▶ _What you are asked to do_: Your answer should consist solely of the lines from the first line of the data through the line with "bdd_belowI[of _ a])", each reproduced exactly.
○ ○ ○ ○ ○ ○ ○
section \<open>A comparison principle for right Dini derivatives\<close>

lemma continuous_on_nonpos_right_induct:
  fixes w :: "real \<Rightarrow> real"
  assumes cont: "continuous_on {a..b} w" and start: "w a \<le> 0"
    and step: "\<And>t. a \<le> t \<Longrightarrow> t < b \<Longrightarrow> w t \<le> 0 \<Longrightarrow> eventually (\<lambda>y. w y \<le> 0) (at_right t)"
    and t: "t \<in> {a..b}"
  shows "w t \<le> 0"
proof (rule ccontr)
  assume "\<not> w t \<le> 0"
  define S where "S = {s\<in>{a..b}. w s > 0}"
  define t1 where "t1 = Inf S"
  have "t \<in> S" using t \<open>\<not> w t \<le> 0\<close> by (simp add: S_def)
  then have S: "S \<noteq> {}" "bdd_below S" unfolding S_def by (auto intro: bdd_belowI[of _ a])
  have lower: "t1 \<le> s" if "s \<in> S" for s unfolding t1_def using S that by (auto intro: cInf_lower)
  have "a \<le> t1" unfolding t1_def by (rule cInf_greatest[OF S(1)]) (auto simp: S_def)
  have "t1 \<le> t" using lower \<open>t \<in> S\<close> .
  have "w t1 \<le> 0"
  proof (rule ccontr)
    assume neg: "\<not> w t1 \<le> 0"
    then have "a < t1" using start \<open>a \<le> t1\<close> by (cases "t1 = a") auto
    have "(w \<longlongrightarrow> w t1) (at t1 within {a..b})"
      using cont \<open>a \<le> t1\<close> \<open>t1 \<le> t\<close> t by (simp add: continuous_on_def)
    then have "eventually (\<lambda>s. w s > 0) (at t1 within {a..b})"
      using neg by (intro order_tendstoD) auto
    then obtain d where d: "d > 0" "\<And>s. s \<in> {a..b} \<Longrightarrow> s \<noteq> t1 \<Longrightarrow> dist s t1 < d \<Longrightarrow> w s > 0"
      unfolding eventually_at by blast
    define s where "s = max a (t1 - d/2)"
    have "s \<in> S" using d \<open>a < t1\<close> \<open>t1 \<le> t\<close> t by (auto simp: S_def s_def dist_real_def)
    then show False using lower[of s] d(1) \<open>a < t1\<close> by (auto simp: s_def)
  qed
  then have "t1 < b" using \<open>t1 \<le> t\<close> \<open>\<not> w t \<le> 0\<close> t by (cases "t1 = t") auto
  from step[OF \<open>a \<le> t1\<close> this \<open>w t1 \<le> 0\<close>] obtain b' where
    b': "b' > t1" "\<And>y. t1 < y \<Longrightarrow> y < b' \<Longrightarrow> w y \<le> 0"
    unfolding eventually_at_right_field by blast
  obtain s where s: "s \<in> S" "s < b'" using cInf_less_iff[OF S] b'(1) unfolding t1_def by blast
  have "t1 < s" using lower[OF s(1)] \<open>w t1 \<le> 0\<close> s(1) by (cases "s = t1") (auto simp: S_def)
  then show False using b'(2)[OF \<open>t1 < s\<close> s(2)] s(1) by (simp add: S_def)
qed

lemma eventually_above_tangent_at_right:
  fixes v :: "real \<Rightarrow> real"
  assumes "(v has_real_derivative D) (at t)" "e > 0"
  shows "eventually (\<lambda>y. v t + (y - t) * (D - e) \<le> v y) (at_right t)"
proof -
  have "((\<lambda>y. (v y - v t) / (y - t)) \<longlongrightarrow> D) (at_right t)"
    using has_field_derivative_at_within[OF assms(1)] by (simp add: has_field_derivative_iff)
  then have "eventually (\<lambda>y. D - e < (v y - v t) / (y - t)) (at_right t)"
    using assms(2) by (intro order_tendstoD(1)) auto
  then show ?thesis using eventually_at_right_less[of t]
  proof eventually_elim
    case (elim y)
    then have "(D - e) * (y - t) < v y - v t" by (simp add: pos_less_divide_eq)
    then show ?case by (simp add: algebra_simps)
  qed
qed

lemma has_vector_derivative_right_remainder:
  fixes x :: "real \<Rightarrow> 'a::real_normed_vector"
  assumes "(x has_vector_derivative v) (at t within {t..})" "e > 0"
  shows "eventually (\<lambda>y. norm (x y - x t - (y - t) *\<^sub>R v) \<le> e * (y - t)) (at_right t)"
proof -
  have "((\<lambda>y. (1 / norm (y - t)) *\<^sub>R (x y - (x t + (y - t) *\<^sub>R v))) \<longlongrightarrow> 0) (at t within {t..})"
    using assms(1) unfolding has_vector_derivative_def has_derivative_within by blast
  then have "((\<lambda>y. norm ((1 / norm (y - t)) *\<^sub>R (x y - (x t + (y - t) *\<^sub>R v)))) \<longlongrightarrow> 0) (at_right t)"
    by (intro tendsto_norm_zero) (rule tendsto_within_subset, auto)
  then have "eventually (\<lambda>y. norm ((1 / norm (y - t)) *\<^sub>R (x y - (x t + (y - t) *\<^sub>R v))) < e) (at_right t)"
    using assms(2) by (rule order_tendstoD(2))
  then show ?thesis using eventually_at_right_less[of t]
  proof eventually_elim
    case (elim y)
    then have "norm (x y - (x t + (y - t) *\<^sub>R v)) < e * (y - t)" by (simp add: pos_divide_less_eq)
    then show ?case by (simp add: algebra_simps)
  qed
qed

lemma is_norm_right_remainder:
  fixes x :: "real \<Rightarrow> 'a::euclidean_space"
  assumes n: "is_norm N" and deriv: "(x has_vector_derivative v) (at t within {t..})" and e: "e > 0"
  shows "eventually (\<lambda>s. N (x s - x t - (s - t) *\<^sub>R v) \<le> e * (s - t)) (at_right t)"
proof -
  obtain K where K: "K > 0" "\<And>y. N y \<le> K * norm y" using is_norm_le_norm[OF n] by blast
  have "e / K > 0" using e K by simp
  from has_vector_derivative_right_remainder[OF deriv this] show ?thesis
  proof eventually_elim
    case (elim s)
    have "N (x s - x t - (s - t) *\<^sub>R v) \<le> K * norm (x s - x t - (s - t) *\<^sub>R v)" by (rule K(2))
    also have "\<dots> \<le> K * (e / K * (s - t))" using elim K(1) by (intro mult_left_mono) auto
    finally show ?case using K(1) by simp
  qed
qed

text \<open>\<open>exp_integral l s\<close> is the integral of \<open>exp (l * \<tau>)\<close> over \<open>[0, s]\<close>.\<close>
definition exp_integral :: "real \<Rightarrow> real \<Rightarrow> real" where
  "exp_integral l s = (if l = 0 then s else (exp (l * s) - 1) / l)"

lemma exp_integral_0 [simp]: "exp_integral l 0 = 0"
  by (simp add: exp_integral_def)

lemma exp_integral_eq: "l * exp_integral l s + 1 = exp (l * s)"
  by (simp add: exp_integral_def)

lemma exp_integral_has_real_derivative:
  "(exp_integral l has_real_derivative exp (l * s)) (at s)"
proof (cases "l = 0")
  case False
  have "((\<lambda>s. (exp (l * s) - 1) / l) has_real_derivative (exp (l * s) * l) / l) (at s)"
    by (auto intro!: derivative_eq_intros)
  then show ?thesis using False by (simp add: exp_integral_def[abs_def])
qed (simp add: exp_integral_def[abs_def])

lemma exp_integral_mono:
  assumes "0 \<le> s" "s \<le> s'"
  shows "exp_integral l s \<le> exp_integral l s'"
proof -
  consider "l = 0" | "l > 0" | "l < 0" by linarith
  then show ?thesis
  proof cases
    case 2
    then have "exp (l * s) \<le> exp (l * s')" using assms by (simp add: mult_left_mono)
    then show ?thesis using 2 by (simp add: exp_integral_def divide_right_mono)
  next
    case 3
    then have "exp (l * s') \<le> exp (l * s)" using assms by (simp add: mult_left_mono_neg)
    then show ?thesis using 3 by (simp add: exp_integral_def divide_simps)
  qed (use assms in \<open>simp add: exp_integral_def\<close>)
qed

lemma exp_integral_nonneg: "0 \<le> s \<Longrightarrow> 0 \<le> exp_integral l s"
  using exp_integral_mono[of 0 s l] by simp

lemma exp_integral_less:
  assumes y: "y > 0"
    and T: "ereal T < (if l = 0 then ereal y else if l * y + 1 \<le> 0 then \<infinity> else ereal (ln (l * y + 1) / l))"
  shows "exp_integral l T < y"
proof -
  consider "l = 0" | "l \<noteq> 0" "l * y + 1 \<le> 0" | "l > 0" "l * y + 1 > 0" | "l < 0" "l * y + 1 > 0"
    by linarith
  then show ?thesis
  proof cases
    case 1
    then show ?thesis using T by (simp add: exp_integral_def)
  next
    case 2
    have "l < 0"
    proof (rule ccontr)
      assume "\<not> l < 0"
      then have "l * y \<ge> 0" using y by simp
      then show False using 2 by simp
    qed
    have "(exp (l * T) - 1) / l < -1 / l"
      using \<open>l < 0\<close> by (intro divide_strict_right_mono_neg) auto
    also have "-1 / l \<le> y"
      using neg_divide_le_eq[OF \<open>l < 0\<close>, of "-1" y] 2 by (simp add: mult.commute)
    finally show ?thesis using 2 by (simp add: exp_integral_def)
  next
    case 3
    then have "l * T < ln (l * y + 1)" using T by (simp add: less_divide_eq mult.commute)
    then have "exp (l * T) < l * y + 1" using 3 by (metis exp_less_cancel_iff exp_ln)
    then show ?thesis using 3 by (simp add: exp_integral_def divide_less_eq mult.commute)
  next
    case 4
    then have "ln (l * y + 1) < l * T" using T by (simp add: neg_less_divide_eq mult.commute)
    then have "l * y + 1 < exp (l * T)" using 4 by (metis exp_less_cancel_iff exp_ln)
    then show ?thesis using 4 by (simp add: exp_integral_def neg_divide_less_eq mult.commute)
  qed
qed

lemma affine_ode_solution_has_real_derivative:
  fixes l a v0 c :: real
  defines "v \<equiv> \<lambda>s. exp (l * (s - a)) * v0 + c * exp_integral l (s - a)"
  shows "(v has_real_derivative l * v s + c) (at s)"
proof -
  have "((\<lambda>s. exp (l * (s - a))) has_real_derivative exp (l * (s - a)) * l) (at s)"
    by (auto intro!: derivative_eq_intros)
  moreover have "((\<lambda>s. exp_integral l (s - a)) has_real_derivative exp (l * (s - a)) * 1) (at s)"
    by (rule DERIV_chain2[OF exp_integral_has_real_derivative]) (auto intro!: derivative_eq_intros)
  ultimately have "(v has_real_derivative exp (l * (s - a)) * l * v0 + c * (exp (l * (s - a)) * 1)) (at s)"
    unfolding v_def by (intro DERIV_add DERIV_cmult DERIV_cmult_right)
  also have "exp (l * (s - a)) * l * v0 + c * (exp (l * (s - a)) * 1) = l * v s + c"
    unfolding v_def exp_integral_eq[of l "s - a", symmetric] by (simp add: algebra_simps)
  finally show ?thesis .
qed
○ ○ ○ ○ ○ ○ ○
▶ _Solution for this exercise_:
section \<open>A comparison principle for right Dini derivatives\<close>

lemma continuous_on_nonpos_right_induct:
  fixes w :: "real \<Rightarrow> real"
  assumes cont: "continuous_on {a..b} w" and start: "w a \<le> 0"
    and step: "\<And>t. a \<le> t \<Longrightarrow> t < b \<Longrightarrow> w t \<le> 0 \<Longrightarrow> eventually (\<lambda>y. w y \<le> 0) (at_right t)"
    and t: "t \<in> {a..b}"
  shows "w t \<le> 0"
proof (rule ccontr)
  assume "\<not> w t \<le> 0"
  define S where "S = {s\<in>{a..b}. w s > 0}"
  define t1 where "t1 = Inf S"
  have "t \<in> S" using t \<open>\<not> w t \<le> 0\<close> by (simp add: S_def)
  then have S: "S \<noteq> {}" "bdd_below S" unfolding S_def by (auto intro: bdd_belowI[of _ a])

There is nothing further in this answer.